Proving that $\sqrt[n]{m}$ is irrational

Question

I want to make a proof that $\sqrt[n]{m} \quad \forall \quad m,n \in \Bbb N$ is irrational if $m$ cannot be expressed as a perfect $n^\text{th}$ power of some other number $z \in \Bbb N$.

Begin by saying it's unconditionally rational and hence:

$\sqrt[n]{m}=\dfrac{p}{q} \iff p, q \in \Bbb N$

$m=\dfrac{p^n}{q^n} \tag 1$

$mq^n=p^n$

Now say that $p=am^b , q=cm^d \iff a, b, c, d \in \Bbb N$

In this case $b$ and $d$ can be $0$

What you get now is:

$m(cm^d)^n=(am^b)^n$

$c^n \cdot m^{nd+1}=a^n \cdot m^{nb} \tag 2$

Looking at the exponents of $m$, one is always divisible by $n$ and another is not. Hence it is a contradiction to say that in a general case they'd be equal.

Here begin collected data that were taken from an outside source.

theorem lemma1:
  fixes N :: "real ^ 'd \<Rightarrow> real"
    and T :: "real ^ 'd \<Rightarrow> real ^ 'd"
    and \<beta> :: "nat \<Rightarrow> real"
    and M :: "'s measure"
    and U :: "nat \<Rightarrow> 's \<Rightarrow> real ^ 'd"
    and x0 :: "real ^ 'd"
    and \<sigma> :: "nat \<Rightarrow> real"
  assumes norm: "is_norm N"
    and nonexp: "nonexpansive_wrt N T"
    and fix_ne: "Fix T \<noteq> {}"
    and beta_range: "\<forall>n\<ge>1. 0 < \<beta> n \<and> \<beta> n < 1"
    and beta_mono: "\<forall>n\<ge>1. \<beta> n \<le> \<beta> (Suc n)"
    and beta_lim: "\<beta> \<longlonglongrightarrow> 1"
    and prob: "prob_space M"
    and U_meas: "\<forall>n\<ge>1. U n \<in> borel_measurable M"
    and U_int: "\<forall>n\<ge>1. integrable M (U n)"
    and U_mean: "\<forall>n\<ge>1. prob_space.expectation M (U n) = 0"
    and U_normint: "\<forall>n\<ge>1. integrable M (\<lambda>\<omega>. N (U n \<omega>))"
    and sigma_def: "\<forall>n\<ge>1. \<sigma> n = prob_space.expectation M (\<lambda>\<omega>. N (U n \<omega>))"
  shows
    "(\<forall>C>0. (\<forall>x. N (T x) \<le> C) \<longrightarrow>
        (SUP n. \<integral>\<^sup>+ \<omega>. ennreal (N (T (halpern_iter T \<beta> U x0 n \<omega>) - x0)) \<partial>M)
          \<le> ennreal (C + N x0))
     \<and> (bdd_above ((\<lambda>n. \<Sum>i=1..n. Bprod \<beta> i n * \<sigma> i) ` {1..}) \<longrightarrow>
        (SUP n. \<integral>\<^sup>+ \<omega>. ennreal (N (T (halpern_iter T \<beta> U x0 n \<omega>) - x0)) \<partial>M)
          \<le> ennreal (2 * distN N x0 (Fix T)
                     + (SUP n\<in>{1..}. \<Sum>i=1..n. Bprod \<beta> i n * \<sigma> i)))
     \<and> (summable (\<lambda>n. \<sigma> (Suc n)) \<longrightarrow>
        (SUP n. \<integral>\<^sup>+ \<omega>. ennreal (N (T (halpern_iter T \<beta> U x0 n \<omega>) - x0)) \<partial>M) < \<infinity>)"
proof -
  have beta: "\<forall>n\<ge>1. 0 \<le> \<beta> n \<and> \<beta> n \<le> 1"
    using beta_range by (auto simp: less_imp_le)
  have sigma_nonneg: "\<forall>i\<ge>1. 0 \<le> \<sigma> i"
    using sigma_def is_norm_nonneg[OF norm] by (simp add: integral_nonneg_AE)
  have part_i: "\<forall>C>0. (\<forall>x. N (T x) \<le> C) \<longrightarrow>
      (SUP n. \<integral>\<^sup>+ \<omega>. ennreal (N (T (halpern_iter T \<beta> U x0 n \<omega>) - x0)) \<partial>M) \<le> ennreal (C + N x0)"
    by (simp add: SUP_nn_integral_halpern_le_bound[OF norm prob])
  have part_ii: "bdd_above ((\<lambda>n. \<Sum>i=1..n. Bprod \<beta> i n * \<sigma> i) ` {1..}) \<longrightarrow>
      (SUP n. \<integral>\<^sup>+ \<omega>. ennreal (N (T (halpern_iter T \<beta> U x0 n \<omega>) - x0)) \<partial>M)
        \<le> ennreal (2 * distN N x0 (Fix T) + (SUP n\<in>{1..}. \<Sum>i=1..n. Bprod \<beta> i n * \<sigma> i))"
    using SUP_nn_integral_halpern_le_distN[OF norm nonexp fix_ne beta prob U_normint sigma_def] by blast
  have "summable (\<lambda>n. \<sigma> (Suc n)) \<longrightarrow> bdd_above ((\<lambda>n. \<Sum>i=1..n. Bprod \<beta> i n * \<sigma> i) ` {1..})"
    using Bprod_weighted_sum_le_suminf[OF beta sigma_nonneg] by (meson bdd_aboveI2)
  then have part_iii: "summable (\<lambda>n. \<sigma> (Suc n)) \<longrightarrow>
      (SUP n. \<integral>\<^sup>+ \<omega>. ennreal (N (T (halpern_iter T \<beta> U x0 n \<omega>) - x0)) \<partial>M) < \<infinity>"
    using part_ii by (auto simp: le_less_trans)
  show ?thesis
    using part_i part_ii part_iii by blast
qed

In an attempt to resolve this, say that indeed $m=z^n$.

Then:

$c^n \cdot z^{n(nd+1)}=a^n \cdot z^{n^2b} \tag 3$

And it is now possible, since the exponents are now both divisible by $n$.

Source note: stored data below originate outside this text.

lemma card_mult_emeasure_Glaw:
  assumes I_sub: "\<And>l. l \<in> {1..L} \<Longrightarrow> I l \<subseteq> {1..n}"
    and I_block: "\<And>l i j. l \<in> {1..L} \<Longrightarrow> i \<in> I l \<Longrightarrow> j \<in> I l \<Longrightarrow> b i = b j"
    and B: "B \<in> sets (out_space L)"
  shows "of_nat (card (block_perms {1..n} b)) * emeasure (Glaw A L I n) B
    = of_nat (card {s\<in>block_perms {1..n} b. Gmap A L I s \<in> B})"
proof -
  let ?G = "block_perms {1..n} b" and ?P = "{p. p permutes {1..n}}"
  let ?U = "measure_pmf (pmf_of_set ?P)"
  have P: "finite ?P" "?P \<noteq> {}"
    using finite_permutations[of "{1..n}"] permutes_id[of "{1..n}"] by blast+
  have Gmap_meas: "Gmap A L I \<in> ?U \<rightarrow>\<^sub>M out_space L"
    by (simp add: Gmap_def out_space_def space_PiM)
  have distr_comp: "distr ?U ?U (\<lambda>p. p \<circ> s) = ?U" if "s \<in> ?G" for s
    using block_perms_permutes[OF that] by (intro distr_uniform_permutation_comp) simp
  have "card {s\<in>?G. Gmap A L I (p \<circ> s) \<in> B} = card {s\<in>?G. Gmap A L I s \<in> B}" if "p \<in> ?P" for p
  proof (rule card_block_perms_Gmap_comp)
    show "inj_on p {1..n}"
      using that by (simp add: permutes_inj_on)
    show "\<And>l. l \<in> {1..L} \<Longrightarrow> I l \<subseteq> {1..n}"
      by (rule I_sub)
    show "\<And>l i j. l \<in> {1..L} \<Longrightarrow> i \<in> I l \<Longrightarrow> j \<in> I l \<Longrightarrow> b i = b j"
      by (rule I_block)
  qed simp
  then have "AE p in ?U. card {s\<in>?G. Gmap A L I (p \<circ> s) \<in> B} = card {s\<in>?G. Gmap A L I s \<in> B}"
    using P by (simp add: AE_measure_pmf_iff)
  from emeasure_preimage_by_invariant_maps[OF finite_block_perms _ distr_comp Gmap_meas B this]
  show ?thesis
    unfolding Glaw_def emeasure_distr[OF Gmap_meas B] by (simp add: measure_pmf.emeasure_space_1)
qed

context homogeneous_intervals
begin

lemma Tlaw_eq_Glaw: "Tlaw M Q SS eps A L I n = Glaw A L I n"
proof (rule measure_eqI)
  show "sets (Tlaw M Q SS eps A L I n) = sets (Glaw A L I n)"
    by (simp add: Tlaw_def Glaw_def)
  fix B assume "B \<in> sets (Tlaw M Q SS eps A L I n)"
  then have B: "B \<in> sets (out_space L)"
    by (simp add: Tlaw_def)
  let ?k = "of_nat (card (block_perms {1..n} Q)) :: ennreal"
  have "?k * emeasure (Glaw A L I n) B = of_nat (card {s\<in>block_perms {1..n} Q. Gmap A L I s \<in> B})"
    by (rule card_mult_emeasure_Glaw[OF I_sub Q_const B])
  then have "?k * emeasure (Tlaw M Q SS eps A L I n) B = ?k * emeasure (Glaw A L I n) B"
    using card_mult_emeasure_Tlaw[OF B] by simp
  moreover have "?k \<noteq> 0"
    using finite_block_perms[of "{1..n}" Q] id_in_block_perms[of "{1..n}" Q] by auto
  ultimately show "emeasure (Tlaw M Q SS eps A L I n) B = emeasure (Glaw A L I n) B"
    using ennreal_mult_cancel_left ennreal_of_nat_neq_top by metis
qed

end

To end, say that $q=cm^d=1$. Then it would suffice to show that $\sqrt[n]{m}=z=p$

If $q=1$ then $c=1, d=0$

And:

$1^n \cdot z^n=a^n \cdot z^{n^2b}$

$z^n=a^n \cdot z^{n^2b}$

The only way this equation can be satisfied is if $n=0$ or $a=z, b=0$. For the first it means that $\sqrt[n]{m}$ has a few technical problems are aren't all that interesting. For the second, it implies:

$p=am^b=zm^0=z$

Q.E.D

Is this a legitimate argument or is there some lacking in the generality I was aiming for? Additional info and advice would be appreciated.

Answer 1

You overlook simplifying assumptions. First if $r=(k^n\cdot m)$, then $\sqrt[n]{r}=k\sqrt[n]{m}$. Since an integer ($k$) times an irrational ($\sqrt[n]{m}$) is still irrational, you can assume that if you solve the question for all $m$ that have no factors which are $n$th powers, you have solved the entire problem. So you can assume $m$ has no $n$th power factors. Second, you can assume that the fraction $\frac{p}{q}$ is in its lowest terms, i.e. $\gcd (p,q)=1$. If it were not to begin with, there is no reason not to extract common factors to reduce the fraction to lowest terms.

With that, you are essentially done. You give the rearranged equation (1), $mq^n=p^n$. By FTA, any factor of $p$ must be a factor of $mq^n$. By the second assumption, that factor cannot be a factor of $q$, so it must be a factor of $m$. But any factor of $p$ must be present in ($p^n$) $n$ times, so it must be present in ($m$) $n$ times. But by the first assumption, $m$ has no $n$th power factors, so that can't be the case either.

Answer 2

It seems overcomplicated.

Start with this equivalent statement, which is easier to read and understand (less negations):

If $\sqrt[n]{m}$ is rational, then $m$ is a perfect $n^\text{th}$ power of some natural number.

We have $mq^n=p^n$. Let $r$ be any prime. Then, by looking at the exponent of $r$ in the factorization of both sides, we get $$ v_r(m) + n v_r(q) = n v_r(p) $$ This implies that $v_r(m)$ is a multiple of $n$. And this is equivalent to $m$ being a perfect $n^\text{th}$ power.